-- RECORDS FOR THE EXERCISE follows --

lemma sylv0_orthogonal:
  assumes "a < 2 ^ m" "b < 2 ^ m"
  shows "(\<Sum>z<2 ^ m. sylv0 m a z * sylv0 m b z) = (if a = b then 2 ^ m else 0)"
  using assms
proof (induction m arbitrary: a b)
  case 0
  then show ?case by simp
next
  case (Suc m)
  define h :: nat where "h = 2 ^ m"
  define low where "low x = (if x < h then x else x - h)" for x
  define sign where "sign x = (if x < h then 1 else -1 :: int)" for x
  have left_half: "sylv0 (Suc m) x z = sylv0 m (low x) z" if "z < h" for x z
    using that by (simp add: Let_def h_def low_def)
  have right_half: "sylv0 (Suc m) x (z + h) = sign x * sylv0 m (low x) z" if "z < h" for x z
    using that by (simp add: Let_def h_def low_def sign_def)
  have "(\<Sum>z<2 ^ Suc m. sylv0 (Suc m) a z * sylv0 (Suc m) b z)
      = (\<Sum>z<h. sylv0 (Suc m) a z * sylv0 (Suc m) b z)
        + (\<Sum>z<h. sylv0 (Suc m) a (z + h) * sylv0 (Suc m) b (z + h))"
    by (simp only: h_def power_Suc sum_lessThan_double)
  also have "\<dots> = (\<Sum>z<h. sylv0 m (low a) z * sylv0 m (low b) z)
        + (\<Sum>z<h. sign a * sign b * (sylv0 m (low a) z * sylv0 m (low b) z))"
    by (intro arg_cong2[where f = "(+)"] sum.cong) (simp_all add: left_half right_half del: sylv0.simps)
  also have "\<dots> = (1 + sign a * sign b) * (\<Sum>z<h. sylv0 m (low a) z * sylv0 m (low b) z)"
    by (simp add: sum_distrib_left sum.distrib algebra_simps)
  also have "\<dots> = (1 + sign a * sign b) * (if low a = low b then h else 0)"
    using Suc by (simp add: h_def low_def)
  also have "\<dots> = (if a = b then 2 ^ Suc m else 0)"
    using Suc.prems by (auto simp: low_def sign_def h_def)
  finally show ?case .
qed
lemma exit_value_eq_Suc:
  assumes "decseq A" and "s \<in> A m" and "s \<notin> A (Suc m)"
  shows "exit_value A \<eta> y s = y (Suc m)"
proof (cases rule: exit_value_cases[of s A \<eta> y])
  case 2
  then show ?thesis
    using assms(2) decseqD[OF assms(1), of 0 m] by blast
next
  case (3 k)
  have "k = m"
  proof (rule ccontr)
    assume "k \<noteq> m"
    then have "Suc k \<le> m \<or> Suc m \<le> k"
      by arith
    then show False
      using 3 assms(2,3) decseqD[OF assms(1)] by blast
  qed
  with 3 show ?thesis
    by simp
qed (use assms(3) in blast)

lemma exit_value_preimage_subset:
  assumes "decseq A" and "\<forall>k. y k \<noteq> \<eta>"
  shows "{s. exit_value A \<eta> y s \<notin> y ` {..n}} \<subseteq> A n"
proof
  fix s assume s: "s \<in> {s. exit_value A \<eta> y s \<notin> y ` {..n}}"
  show "s \<in> A n"
  proof (cases rule: exit_value_cases[of s A \<eta> y])
    case (3 m)
    then have "n \<le> m"
      using s by (auto simp: image_iff)
    with \<open>s \<in> A m\<close> show ?thesis
      using decseqD[OF assms(1)] by blast
  qed (use s in auto)
qed

lemma Gamma_rho_exit_value:
  fixes y :: "nat \<Rightarrow> 'x::topological_space"
  assumes "decseq A" and "y \<longlonglongrightarrow> \<eta>" and "\<forall>n. A n \<in> I_rho_plus FF \<rho>"
  shows "\<eta> \<in> Gamma_rho FF \<rho> (exit_value A \<eta> y)"
  unfolding Gamma_rho_def
proof (intro CollectI allI impI)
  fix U assume U: "open U \<and> \<eta> \<in> U"
  then have "eventually (\<lambda>n. y n \<in> U) sequentially"
    using \<open>y \<longlonglongrightarrow> \<eta>\<close> topological_tendstoD by blast
  then obtain N where N: "\<And>n. n \<ge> N \<Longrightarrow> y n \<in> U"
    by (auto simp: eventually_sequentially)
  have "A N \<subseteq> {s. exit_value A \<eta> y s \<in> U}"
  proof
    fix s assume "s \<in> A N"
    then show "s \<in> {s. exit_value A \<eta> y s \<in> U}"
    proof (cases rule: exit_value_cases[of s A \<eta> y])
      case 2
      with \<open>s \<in> A N\<close> show ?thesis
        using decseqD[OF assms(1), of 0 N] by blast
    next
      case (3 m)
      have "\<not> Suc m \<le> N"
        using 3 \<open>s \<in> A N\<close> decseqD[OF assms(1), of "Suc m" N] by blast
      with 3 N show ?thesis
        by simp
    qed (use U in simp)
  qed
  with assms(3) show "\<exists>F\<in>FF. \<rho> F \<subseteq> {s. exit_value A \<eta> y s \<in> U}"
    unfolding I_rho_plus_iff by blast
qed
lemma kernel_vectors_exist:
  fixes A :: "'a::field mat"
  assumes A: "A \<in> carrier_mat m n"
  obtains P w where "P \<subseteq> {..<n}" "card P = vec_space.rank m A"
    "\<And>c. \<forall>i<m. (\<Sum>p\<in>P. c p * A $$ (i, p)) = 0 \<Longrightarrow> \<forall>p\<in>P. c p = 0"
    "\<And>q i. q < n \<Longrightarrow> i < m \<Longrightarrow> (\<Sum>k<n. A $$ (i, k) * w q k) = 0"
    "\<And>d. \<forall>k<n. (\<Sum>q\<in>{..<n} - P. d q * w q k) = 0 \<Longrightarrow> \<forall>q\<in>{..<n} - P. d q = 0"
proof -
  obtain P co where P: "P \<subseteq> {..<n}" "card P = vec_space.rank m A"
    "\<And>c. \<forall>i<m. (\<Sum>p\<in>P. c p * A $$ (i, p)) = 0 \<Longrightarrow> \<forall>p\<in>P. c p = 0"
    and co: "\<And>q i. q < n \<Longrightarrow> i < m \<Longrightarrow> A $$ (i, q) = (\<Sum>p\<in>P. co q p * A $$ (i, p))"
    and "\<And>q p. q \<in> P \<Longrightarrow> co q p = (if p = q then 1 else 0)"
    by (rule column_basis_exists[OF A]) (rule that)
  define w where "w q k = (if k = q then 1 else 0) - (if k \<in> P then co q k else 0)" for q k
  show thesis
  proof (rule that[OF P])
    show "(\<Sum>k<n. A $$ (i, k) * w q k) = 0" if q: "q < n" and i: "i < m" for q i
    proof -
      have "(\<Sum>k<n. A $$ (i, k) * w q k)
          = (\<Sum>k<n. if k = q then A $$ (i, k) else 0) - (\<Sum>k<n. if k \<in> P then co q k * A $$ (i, k) else 0)"
        unfolding sum_subtractf[symmetric] by (rule sum.cong[OF refl]) (simp add: w_def algebra_simps)
      also have "(\<Sum>k<n. if k \<in> P then co q k * A $$ (i, k) else 0) = (\<Sum>k\<in>{..<n} \<inter> P. co q k * A $$ (i, k))"
        by (simp add: sum.inter_restrict)
      also have "{..<n} \<inter> P = P" using P(1) by blast
      finally show ?thesis using co[OF q i] q by simp
    qed
    show "\<forall>q\<in>{..<n} - P. d q = 0" if d: "\<forall>k<n. (\<Sum>q\<in>{..<n} - P. d q * w q k) = 0" for d
    proof
      fix q0 assume q0: "q0 \<in> {..<n} - P"
      have "(\<Sum>q\<in>{..<n} - P. d q * w q q0) = (\<Sum>q\<in>{..<n} - P. if q = q0 then d q else 0)"
        using q0 by (intro sum.cong[OF refl]) (auto simp: w_def)
      then show "d q0 = 0" using d q0 by simp
    qed
  qed
qed
lemma sym_mat_square_diag: "sym_mat n D \<Longrightarrow> i < n \<Longrightarrow> mat_mult n D D i i = (\<Sum>k<n. (D i k)\<^sup>2)"
  unfolding mat_mult_def sym_mat_def by (intro sum.cong refl) (auto simp: power2_eq_square)

text \<open>
  If \<open>S\<^sup>2 = T\<^sup>2\<close> and \<open>D = S - T\<close>, then \<open>SD + DT = 0\<close>, so \<open>tr(DSD) + tr(DTD) = 0\<close>; both
  traces are nonnegative, hence \<open>SD = TD = 0\<close> and \<open>D\<^sup>2 = 0\<close>.
\<close>

theorem psd_sqrt_unique:
  assumes "psd n S" "psd n T" "zero_outside n S" "zero_outside n T"
    and eq: "\<forall>i<n. \<forall>j<n. mat_mult n S S i j = mat_mult n T T i j"
  shows "S = T"
proof -
  have sym_S: "sym_mat n S" and nonneg_S: "\<And>x. 0 \<le> bilin n S x x"
    and sym_T: "sym_mat n T" and nonneg_T: "\<And>x. 0 \<le> bilin n T x x"
    using assms(1,2) by (auto simp: psd_iff_bilin)
  define D where "D = (\<lambda>i j. S i j - T i j)"
  have sym_D: "sym_mat n D" unfolding D_def by (intro sym_mat_diff sym_S sym_T)
  have "(\<Sum>i<n. \<Sum>j<n. D i j * (mat_mult n S D j i + mat_mult n D T j i)) = 0"
    using eq by (simp add: D_def mat_mult_diff_left mat_mult_diff_right)
  moreover have "(\<Sum>i<n. \<Sum>j<n. D i j * mat_mult n D T j i)
      = (\<Sum>i<n. \<Sum>j<n. D j i * mat_mult n T D i j)"
    using sym_D mat_mult_transpose[OF sym_D sym_T] by (intro sum.cong refl) (auto simp: sym_mat_def)
  ultimately have "(\<Sum>i<n. bilin n S (\<lambda>l. D i l) (\<lambda>l. D i l))
      + (\<Sum>i<n. bilin n T (\<lambda>l. D i l) (\<lambda>l. D i l)) = 0"
    by (simp add: distrib_left sum.distrib trace_sandwich_rows[OF sym_D, symmetric])
      (subst (asm) (2) sum.swap, simp)
  then have "bilin n S (\<lambda>l. D i l) (\<lambda>l. D i l) = 0" "bilin n T (\<lambda>l. D i l) (\<lambda>l. D i l) = 0"
    if "i < n" for i
    using that nonneg_S nonneg_T
    by (simp_all add: add_nonneg_eq_0_iff sum_nonneg sum_nonneg_eq_0_iff)
  then have SD: "mat_mult n S D l i = 0" and TD: "mat_mult n T D l i = 0" if "l < n" "i < n" for l i
    using that by (simp_all add: mat_mult_sym_column[OF sym_D] psd_kernel sym_S sym_T nonneg_S nonneg_T)
  have "mat_mult n D D i i = 0" if "i < n" for i
  proof -
    have "mat_mult n D D i i = mat_mult n S D i i - mat_mult n T D i i"
      unfolding D_def mat_mult_diff_left by (simp add: D_def[symmetric])
    then show ?thesis using SD[OF that that] TD[OF that that] by simp
  qed
  then have "D i j = 0" if "i < n" "j < n" for i j
    using that by (simp add: sym_mat_square_diag[OF sym_D] sum_nonneg_eq_0_iff)
  then have "S i j = T i j" for i j
    using assms(3,4) unfolding zero_outside_def D_def by (cases "i < n \<and> j < n") auto
  then show ?thesis by (intro ext)
qed

theorem mat_sqrt_spec:
  assumes "psd n \<rho>"
  shows "psd n (mat_sqrt n \<rho>)"
    and "\<And>i j. i < n \<Longrightarrow> j < n \<Longrightarrow> mat_mult n (mat_sqrt n \<rho>) (mat_sqrt n \<rho>) i j = \<rho> i j"
proof -
  let ?P = "\<lambda>S. psd n S \<and> (\<forall>i<n. \<forall>j<n. mat_mult n S S i j = \<rho> i j) \<and>
                (\<forall>i j. \<not> (i < n \<and> j < n) \<longrightarrow> S i j = 0)"
  have "\<exists>!S. ?P S"
  proof (rule ex_ex1I)
    show "\<exists>S. ?P S" using psd_sqrt_exists[OF assms] unfolding zero_outside_def by blast
    show "S = T" if "?P S" "?P T" for S T
      using that by (intro psd_sqrt_unique) (auto simp: zero_outside_def)
  qed
  then have "?P (mat_sqrt n \<rho>)" unfolding mat_sqrt_def by (rule theI')
  then show "psd n (mat_sqrt n \<rho>)"
    and "\<And>i j. i < n \<Longrightarrow> j < n \<Longrightarrow> mat_mult n (mat_sqrt n \<rho>) (mat_sqrt n \<rho>) i j = \<rho> i j"
    by auto
qed

section \<open>Gaussian linear forms\<close>

lemma prob_space_gauss_vec: "prob_space (gauss_vec n)"
  unfolding gauss_vec_def by (intro prob_space_PiM prob_space_normal_density) simp

interpretation gauss: prob_space "gauss_vec n" for n
  by (rule prob_space_gauss_vec)

lemma gauss_component_measurable: "k < n \<Longrightarrow> (\<lambda>g. g k) \<in> borel_measurable (gauss_vec n)"
  unfolding gauss_vec_def by measurable

lemma dot_gauss_measurable [measurable]: "dot n a \<in> borel_measurable (gauss_vec n)"
  unfolding dot_def
  by (intro borel_measurable_sum borel_measurable_times borel_measurable_const
      gauss_component_measurable) auto

lemma sgn_pm_measurable [measurable]: "sgn_pm \<in> borel_measurable borel"
  unfolding sgn_pm_def by measurable

lemma gauss_component_distributed:
  assumes "k < n"
  shows "distributed (gauss_vec n) lborel (\<lambda>g. g k) std_normal_density"
proof -
  have "distr (gauss_vec n) lborel (\<lambda>g. g k)
      = distr (gauss_vec n) (density lborel std_normal_density) (\<lambda>g. g k)"
    by (rule distr_cong) auto
  also have "\<dots> = density lborel std_normal_density"
    unfolding gauss_vec_def using assms by (intro distr_PiM_component prob_space_normal_density) auto
  finally show ?thesis
    unfolding distributed_def using gauss_component_measurable[OF assms] by auto
qed

lemma gauss_components_indep:
  assumes "0 < n"
  shows "gauss.indep_vars n (\<lambda>_. borel) (\<lambda>k g. g k) {..<n}"
proof (subst gauss.indep_vars_iff_distr_eq_PiM')
  show "{..<n} \<noteq> {}" using assms by auto
  show "\<And>i. i \<in> {..<n} \<Longrightarrow> (\<lambda>g. g i) \<in> measurable (gauss_vec n) borel"
    using gauss_component_measurable by auto
  have "distr (gauss_vec n) (\<Pi>\<^sub>M i\<in>{..<n}. borel) (\<lambda>x. \<lambda>i\<in>{..<n}. x i)
      = distr (gauss_vec n) (\<Pi>\<^sub>M i\<in>{..<n}. borel) (\<lambda>x. x)"
    by (rule distr_cong) (simp_all add: gauss_vec_def space_PiM PiE_restrict)
  also have "\<dots> = gauss_vec n"
    unfolding gauss_vec_def by (rule distr_id2) (rule sets_PiM_cong, auto)
  also have "\<dots> = (\<Pi>\<^sub>M i\<in>{..<n}. distr (gauss_vec n) borel (\<lambda>x. x i))"
  proof -
    have "distr (gauss_vec n) borel (\<lambda>x. x i) = density lborel std_normal_density"
      if "i \<in> {..<n}" for i
    proof -
      have "distr (gauss_vec n) borel (\<lambda>x. x i) = distr (gauss_vec n) lborel (\<lambda>x. x i)"
        by (rule distr_cong) simp_all
      also have "\<dots> = density lborel std_normal_density"
        using gauss_component_distributed[of i n] that unfolding distributed_def by simp
      finally show ?thesis .
    qed
    then show ?thesis unfolding gauss_vec_def by (intro PiM_cong) auto
  qed
  finally show "distr (gauss_vec n) (\<Pi>\<^sub>M i\<in>{..<n}. borel) (\<lambda>x. \<lambda>i\<in>{..<n}. x i)
      = (\<Pi>\<^sub>M i\<in>{..<n}. distr (gauss_vec n) borel (\<lambda>x. x i))" .
qed

lemma dot_self_nonneg: "0 \<le> dot n a a"
  by (simp add: dot_self sqnorm_nonneg)

lemma dot_eq_0_if_self_eq_0: "dot n a a = 0 \<Longrightarrow> dot n a g = 0"
  unfolding dot_self using sqnorm_eq_0_imp by (auto simp: dot_def intro!: sum.neutral)

lemma dot_add_left: "dot n (\<lambda>k. a k + b k) g = dot n a g + dot n b g"
  unfolding dot_def by (simp add: algebra_simps sum.distrib)

lemma dot_diff_left: "dot n (\<lambda>k. a k - b k) g = dot n a g - dot n b g"
  unfolding dot_def by (simp add: algebra_simps sum_subtractf)

lemma dot_scale_left: "dot n (\<lambda>k. t * a k) g = t * dot n a g"
  unfolding dot_def by (simp add: sum_distrib_left algebra_simps)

-- RECORDS FOR THE EXERCISE concluded --

» TASK STATEMENT
Using only the entries above, output the line with "P. co q k *", the line with "i * mat_mult", and all lines between them, exactly as they stand.

» RESPONSE TO THIS TASK
      also have "(\<Sum>k<n. if k \<in> P then co q k * A $$ (i, k) else 0) = (\<Sum>k\<in>{..<n} \<inter> P. co q k * A $$ (i, k))"
        by (simp add: sum.inter_restrict)
      also have "{..<n} \<inter> P = P" using P(1) by blast
      finally show ?thesis using co[OF q i] q by simp
    qed
    show "\<forall>q\<in>{..<n} - P. d q = 0" if d: "\<forall>k<n. (\<Sum>q\<in>{..<n} - P. d q * w q k) = 0" for d
    proof
      fix q0 assume q0: "q0 \<in> {..<n} - P"
      have "(\<Sum>q\<in>{..<n} - P. d q * w q q0) = (\<Sum>q\<in>{..<n} - P. if q = q0 then d q else 0)"
        using q0 by (intro sum.cong[OF refl]) (auto simp: w_def)
      then show "d q0 = 0" using d q0 by simp
    qed
  qed
qed
lemma sym_mat_square_diag: "sym_mat n D \<Longrightarrow> i < n \<Longrightarrow> mat_mult n D D i i = (\<Sum>k<n. (D i k)\<^sup>2)"
  unfolding mat_mult_def sym_mat_def by (intro sum.cong refl) (auto simp: power2_eq_square)

text \<open>
  If \<open>S\<^sup>2 = T\<^sup>2\<close> and \<open>D = S - T\<close>, then \<open>SD + DT = 0\<close>, so \<open>tr(DSD) + tr(DTD) = 0\<close>; both
  traces are nonnegative, hence \<open>SD = TD = 0\<close> and \<open>D\<^sup>2 = 0\<close>.
\<close>

theorem psd_sqrt_unique:
  assumes "psd n S" "psd n T" "zero_outside n S" "zero_outside n T"
    and eq: "\<forall>i<n. \<forall>j<n. mat_mult n S S i j = mat_mult n T T i j"
  shows "S = T"
proof -
  have sym_S: "sym_mat n S" and nonneg_S: "\<And>x. 0 \<le> bilin n S x x"
    and sym_T: "sym_mat n T" and nonneg_T: "\<And>x. 0 \<le> bilin n T x x"
    using assms(1,2) by (auto simp: psd_iff_bilin)
  define D where "D = (\<lambda>i j. S i j - T i j)"
  have sym_D: "sym_mat n D" unfolding D_def by (intro sym_mat_diff sym_S sym_T)
  have "(\<Sum>i<n. \<Sum>j<n. D i j * (mat_mult n S D j i + mat_mult n D T j i)) = 0"
    using eq by (simp add: D_def mat_mult_diff_left mat_mult_diff_right)
  moreover have "(\<Sum>i<n. \<Sum>j<n. D i j * mat_mult n D T j i)
      = (\<Sum>i<n. \<Sum>j<n. D j i * mat_mult n T D i j)"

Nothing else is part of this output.